**Problem statement**
Reproduce the data below in full. Nothing should differ from the original.

BEGIN

lemma transf_difference_quotient_bound:
  assumes k: "transf_integrable k" and x: "0 < x" and h: "h \<noteq> 0" "\<bar>h\<bar> < x / 2"
  shows "\<bar>(transf k (x + h) - transf k x) / h + transf (ln_scaled k) x\<bar>
    \<le> \<bar>h\<bar> * (LINT t:{0<..}|lborel. \<bar>ln_scaled (ln_scaled k) t * (t + 1) powr (- (x / 2))\<bar>)"
proof -
  define E where "E t = k t * (t + 1) powr (- (x + h)) - k t * (t + 1) powr (- x)
    + h * (ln_scaled k t * (t + 1) powr (- x))" for t
  have int_xh: "set_integrable lborel {0<..} (\<lambda>t. k t * (t + 1) powr (- (x + h)))"
    using h x by (intro transf_integrableD[OF k]) simp
  have int_x: "set_integrable lborel {0<..} (\<lambda>t. k t * (t + 1) powr (- x))"
    by (rule transf_integrableD[OF k x])
  have int_u: "set_integrable lborel {0<..} (\<lambda>t. h * (ln_scaled k t * (t + 1) powr (- x)))"
    by (intro set_integrable_mult_right transf_integrableD[OF transf_integrable_ln_scaled[OF k] x])
  have int_uu: "set_integrable lborel {0<..} (\<lambda>t. h\<^sup>2 * \<bar>ln_scaled (ln_scaled k) t * (t + 1) powr (- (x / 2))\<bar>)"
    using x by (intro set_integrable_mult_right set_integrable_abs transf_integrableD
        transf_integrable_ln_scaled k) simp
  have int_E: "set_integrable lborel {0<..} E"
    unfolding E_def by (intro set_integral_add set_integral_diff int_xh int_x int_u)
  have "(LINT t:{0<..}|lborel. E t) = transf k (x + h) - transf k x + h * transf (ln_scaled k) x"
    unfolding E_def transf_def
    by (subst set_integral_add(2)[OF set_integral_diff(1)[OF int_xh int_x] int_u],
        subst set_integral_diff(2)[OF int_xh int_x]) simp
  then have "\<bar>(transf k (x + h) - transf k x) / h + transf (ln_scaled k) x\<bar>
      = \<bar>LINT t:{0<..}|lborel. E t\<bar> / \<bar>h\<bar>"
    using h by (simp add: field_simps)
  also have "\<dots> \<le> (LINT t:{0<..}|lborel. \<bar>E t\<bar>) / \<bar>h\<bar>"
    using set_integral_norm_bound[OF int_E] by (intro divide_right_mono) simp_all
  also have "\<dots> \<le> (LINT t:{0<..}|lborel. h\<^sup>2 * \<bar>ln_scaled (ln_scaled k) t * (t + 1) powr (- (x / 2))\<bar>) / \<bar>h\<bar>"
  proof (intro divide_right_mono set_integral_mono set_integrable_abs int_E int_uu)
    fix t :: real
    assume "t \<in> {0<..}"
    then have t: "0 < t" by simp
    have "E t = k t * ((t + 1) powr (- (x + h)) - (t + 1) powr (- x) + h * ln (t + 1) * (t + 1) powr (- x))"
      unfolding E_def ln_scaled_def by (simp add: algebra_simps)
    then have "\<bar>E t\<bar> = \<bar>k t\<bar> *
        \<bar>(t + 1) powr (- (x + h)) - (t + 1) powr (- x) + h * ln (t + 1) * (t + 1) powr (- x)\<bar>"
      by (simp add: abs_mult)
    also have "\<dots> \<le> \<bar>k t\<bar> * (h\<^sup>2 * (ln (t + 1))\<^sup>2 * (t + 1) powr (- (x / 2)))"
      using h by (intro mult_left_mono powr_second_order_bound t) simp_all
    also have "\<dots> = h\<^sup>2 * \<bar>ln_scaled (ln_scaled k) t * (t + 1) powr (- (x / 2))\<bar>"
      using t by (simp add: ln_scaled_def abs_mult power2_eq_square)
    finally show "\<bar>E t\<bar> \<le> h\<^sup>2 * \<bar>ln_scaled (ln_scaled k) t * (t + 1) powr (- (x / 2))\<bar>" .
  qed simp
  also have "\<dots> = \<bar>h\<bar> * (LINT t:{0<..}|lborel. \<bar>ln_scaled (ln_scaled k) t * (t + 1) powr (- (x / 2))\<bar>)"
    using h by (simp add: power2_eq_square field_simps)
  finally show ?thesis .
qed

lemma has_real_derivative_transf:
  assumes k: "transf_integrable k" and x: "0 < x"
  shows "(transf k has_real_derivative - transf (ln_scaled k) x) (at x)"
proof -
  define K where "K = (LINT t:{0<..}|lborel. \<bar>ln_scaled (ln_scaled k) t * (t + 1) powr (- (x / 2))\<bar>)"
  have "((\<lambda>h. (transf k (x + h) - transf k x) / h - (- transf (ln_scaled k) x)) \<longlongrightarrow> 0) (at 0)"
  proof (rule tendsto_0_le[where f = "\<lambda>h. h" and K = K])
    have "\<forall>\<^sub>F h in at 0. h \<noteq> 0 \<and> \<bar>h\<bar> < x / 2"
      unfolding eventually_at using x by (intro exI[of _ "x / 2"]) auto
    then show "\<forall>\<^sub>F h in at 0. norm ((transf k (x + h) - transf k x) / h - (- transf (ln_scaled k) x)) \<le> norm h * K"
      by eventually_elim (use transf_difference_quotient_bound[OF k x] in \<open>simp add: K_def\<close>)
  qed (rule tendsto_ident_at)
  then show ?thesis unfolding DERIV_def LIM_zero_iff .
qed

lemma powr_minus_split: "0 < t \<Longrightarrow> (t + 1) powr (- x) = (t + 1) powr (- 1) * (t + 1) powr (1 - x)"
  for t x :: real
  unfolding powr_add[symmetric] by simp

lemma set_integral_head_lower_bound:
  fixes k :: "real \<Rightarrow> real"
  assumes int1: "set_integrable lborel {0<..<b} (\<lambda>t. k t * (t + 1) powr (- 1))"
    and intx: "set_integrable lborel {0<..<b} (\<lambda>t. k t * (t + 1) powr (- x))"
    and nonneg: "\<And>t. 0 < t \<Longrightarrow> t < b \<Longrightarrow> 0 \<le> k t" and x: "1 \<le> x"
  shows "(b + 1) powr (1 - x) * (LINT t:{0<..<b}|lborel. k t * (t + 1) powr (- 1))
    \<le> (LINT t:{0<..<b}|lborel. k t * (t + 1) powr (- x))"
proof -
  have "(LINT t:{0<..<b}|lborel. (b + 1) powr (1 - x) * (k t * (t + 1) powr (- 1)))
      \<le> (LINT t:{0<..<b}|lborel. k t * (t + 1) powr (- x))"
  proof (rule set_integral_mono)
    show "set_integrable lborel {0<..<b} (\<lambda>t. (b + 1) powr (1 - x) * (k t * (t + 1) powr (- 1)))"
      by (intro set_integrable_mult_right int1)
    fix t :: real
    assume t: "t \<in> {0<..<b}"
    then have t0: "0 < t" by simp
    have "(b + 1) powr (1 - x) \<le> (t + 1) powr (1 - x)" using t x by (intro powr_mono2') simp_all
    moreover have "0 \<le> k t * (t + 1) powr (- 1)" using t nonneg by simp
    ultimately have "(b + 1) powr (1 - x) * (k t * (t + 1) powr (- 1))
        \<le> (t + 1) powr (1 - x) * (k t * (t + 1) powr (- 1))"
      by (rule mult_right_mono)
    also have "\<dots> = k t * (t + 1) powr (- x)" by (simp only: powr_minus_split[OF t0, of x] mult_ac)
    finally show "(b + 1) powr (1 - x) * (k t * (t + 1) powr (- 1)) \<le> k t * (t + 1) powr (- x)" .
  qed (rule intx)
  then show ?thesis by (simp only: set_integral_mult_right)
qed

END

**Result below**
lemma transf_difference_quotient_bound:
  assumes k: "transf_integrable k" and x: "0 < x" and h: "h \<noteq> 0" "\<bar>h\<bar> < x / 2"
  shows "\<bar>(transf k (x + h) - transf k x) / h + transf (ln_scaled k) x\<bar>
    \<le> \<bar>h\<bar> * (LINT t:{0<..}|lborel. \<bar>ln_scaled (ln_scaled k) t * (t + 1) powr (- (x / 2))\<bar>)"
proof -
  define E where "E t = k t * (t + 1) powr (- (x + h)) - k t * (t + 1) powr (- x)
    + h * (ln_scaled k t * (t + 1) powr (- x))" for t
  have int_xh: "set_integrable lborel {0<..} (\<lambda>t. k t * (t + 1) powr (- (x + h)))"
    using h x by (intro transf_integrableD[OF k]) simp
  have int_x: "set_integrable lborel {0<..} (\<lambda>t. k t * (t + 1) powr (- x))"
    by (rule transf_integrableD[OF k x])
  have int_u: "set_integrable lborel {0<..} (\<lambda>t. h * (ln_scaled k t * (t + 1) powr (- x)))"
    by (intro set_integrable_mult_right transf_integrableD[OF transf_integrable_ln_scaled[OF k] x])
  have int_uu: "set_integrable lborel {0<..} (\<lambda>t. h\<^sup>2 * \<bar>ln_scaled (ln_scaled k) t * (t + 1) powr (- (x / 2))\<bar>)"
    using x by (intro set_integrable_mult_right set_integrable_abs transf_integrableD
        transf_integrable_ln_scaled k) simp
  have int_E: "set_integrable lborel {0<..} E"
    unfolding E_def by (intro set_integral_add set_integral_diff int_xh int_x int_u)
  have "(LINT t:{0<..}|lborel. E t) = transf k (x + h) - transf k x + h * transf (ln_scaled k) x"
    unfolding E_def transf_def
    by (subst set_integral_add(2)[OF set_integral_diff(1)[OF int_xh int_x] int_u],
        subst set_integral_diff(2)[OF int_xh int_x]) simp
  then have "\<bar>(transf k (x + h) - transf k x) / h + transf (ln_scaled k) x\<bar>
      = \<bar>LINT t:{0<..}|lborel. E t\<bar> / \<bar>h\<bar>"
    using h by (simp add: field_simps)
  also have "\<dots> \<le> (LINT t:{0<..}|lborel. \<bar>E t\<bar>) / \<bar>h\<bar>"
    using set_integral_norm_bound[OF int_E] by (intro divide_right_mono) simp_all
  also have "\<dots> \<le> (LINT t:{0<..}|lborel. h\<^sup>2 * \<bar>ln_scaled (ln_scaled k) t * (t + 1) powr (- (x / 2))\<bar>) / \<bar>h\<bar>"
  proof (intro divide_right_mono set_integral_mono set_integrable_abs int_E int_uu)
    fix t :: real
    assume "t \<in> {0<..}"
    then have t: "0 < t" by simp
    have "E t = k t * ((t + 1) powr (- (x + h)) - (t + 1) powr (- x) + h * ln (t + 1) * (t + 1) powr (- x))"
      unfolding E_def ln_scaled_def by (simp add: algebra_simps)
    then have "\<bar>E t\<bar> = \<bar>k t\<bar> *
        \<bar>(t + 1) powr (- (x + h)) - (t + 1) powr (- x) + h * ln (t + 1) * (t + 1) powr (- x)\<bar>"
      by (simp add: abs_mult)
    also have "\<dots> \<le> \<bar>k t\<bar> * (h\<^sup>2 * (ln (t + 1))\<^sup>2 * (t + 1) powr (- (x / 2)))"
      using h by (intro mult_left_mono powr_second_order_bound t) simp_all
    also have "\<dots> = h\<^sup>2 * \<bar>ln_scaled (ln_scaled k) t * (t + 1) powr (- (x / 2))\<bar>"
      using t by (simp add: ln_scaled_def abs_mult power2_eq_square)
    finally show "\<bar>E t\<bar> \<le> h\<^sup>2 * \<bar>ln_scaled (ln_scaled k) t * (t + 1) powr (- (x / 2))\<bar>" .
  qed simp
  also have "\<dots> = \<bar>h\<bar> * (LINT t:{0<..}|lborel. \<bar>ln_scaled (ln_scaled k) t * (t + 1) powr (- (x / 2))\<bar>)"
    using h by (simp add: power2_eq_square field_simps)
  finally show ?thesis .
qed

lemma has_real_derivative_transf:
  assumes k: "transf_integrable k" and x: "0 < x"
  shows "(transf k has_real_derivative - transf (ln_scaled k) x) (at x)"
proof -
  define K where "K = (LINT t:{0<..}|lborel. \<bar>ln_scaled (ln_scaled k) t * (t + 1) powr (- (x / 2))\<bar>)"
  have "((\<lambda>h. (transf k (x + h) - transf k x) / h - (- transf (ln_scaled k) x)) \<longlongrightarrow> 0) (at 0)"
  proof (rule tendsto_0_le[where f = "\<lambda>h. h" and K = K])
    have "\<forall>\<^sub>F h in at 0. h \<noteq> 0 \<and> \<bar>h\<bar> < x / 2"
      unfolding eventually_at using x by (intro exI[of _ "x / 2"]) auto
    then show "\<forall>\<^sub>F h in at 0. norm ((transf k (x + h) - transf k x) / h - (- transf (ln_scaled k) x)) \<le> norm h * K"
      by eventually_elim (use transf_difference_quotient_bound[OF k x] in \<open>simp add: K_def\<close>)
  qed (rule tendsto_ident_at)
  then show ?thesis unfolding DERIV_def LIM_zero_iff .
qed

lemma powr_minus_split: "0 < t \<Longrightarrow> (t + 1) powr (- x) = (t + 1) powr (- 1) * (t + 1) powr (1 - x)"
  for t x :: real
  unfolding powr_add[symmetric] by simp

lemma set_integral_head_lower_bound:
  fixes k :: "real \<Rightarrow> real"
  assumes int1: "set_integrable lborel {0<..<b} (\<lambda>t. k t * (t + 1) powr (- 1))"
    and intx: "set_integrable lborel {0<..<b} (\<lambda>t. k t * (t + 1) powr (- x))"
    and nonneg: "\<And>t. 0 < t \<Longrightarrow> t < b \<Longrightarrow> 0 \<le> k t" and x: "1 \<le> x"
  shows "(b + 1) powr (1 - x) * (LINT t:{0<..<b}|lborel. k t * (t + 1) powr (- 1))
    \<le> (LINT t:{0<..<b}|lborel. k t * (t + 1) powr (- x))"
proof -
  have "(LINT t:{0<..<b}|lborel. (b + 1) powr (1 - x) * (k t * (t + 1) powr (- 1)))
      \<le> (LINT t:{0<..<b}|lborel. k t * (t + 1) powr (- x))"
  proof (rule set_integral_mono)
    show "set_integrable lborel {0<..<b} (\<lambda>t. (b + 1) powr (1 - x) * (k t * (t + 1) powr (- 1)))"
      by (intro set_integrable_mult_right int1)
    fix t :: real
    assume t: "t \<in> {0<..<b}"
    then have t0: "0 < t" by simp
    have "(b + 1) powr (1 - x) \<le> (t + 1) powr (1 - x)" using t x by (intro powr_mono2') simp_all
    moreover have "0 \<le> k t * (t + 1) powr (- 1)" using t nonneg by simp
    ultimately have "(b + 1) powr (1 - x) * (k t * (t + 1) powr (- 1))
        \<le> (t + 1) powr (1 - x) * (k t * (t + 1) powr (- 1))"
      by (rule mult_right_mono)
    also have "\<dots> = k t * (t + 1) powr (- x)" by (simp only: powr_minus_split[OF t0, of x] mult_ac)
    finally show "(b + 1) powr (1 - x) * (k t * (t + 1) powr (- 1)) \<le> k t * (t + 1) powr (- x)" .
  qed (rule intx)
  then show ?thesis by (simp only: set_integral_mult_right)
qed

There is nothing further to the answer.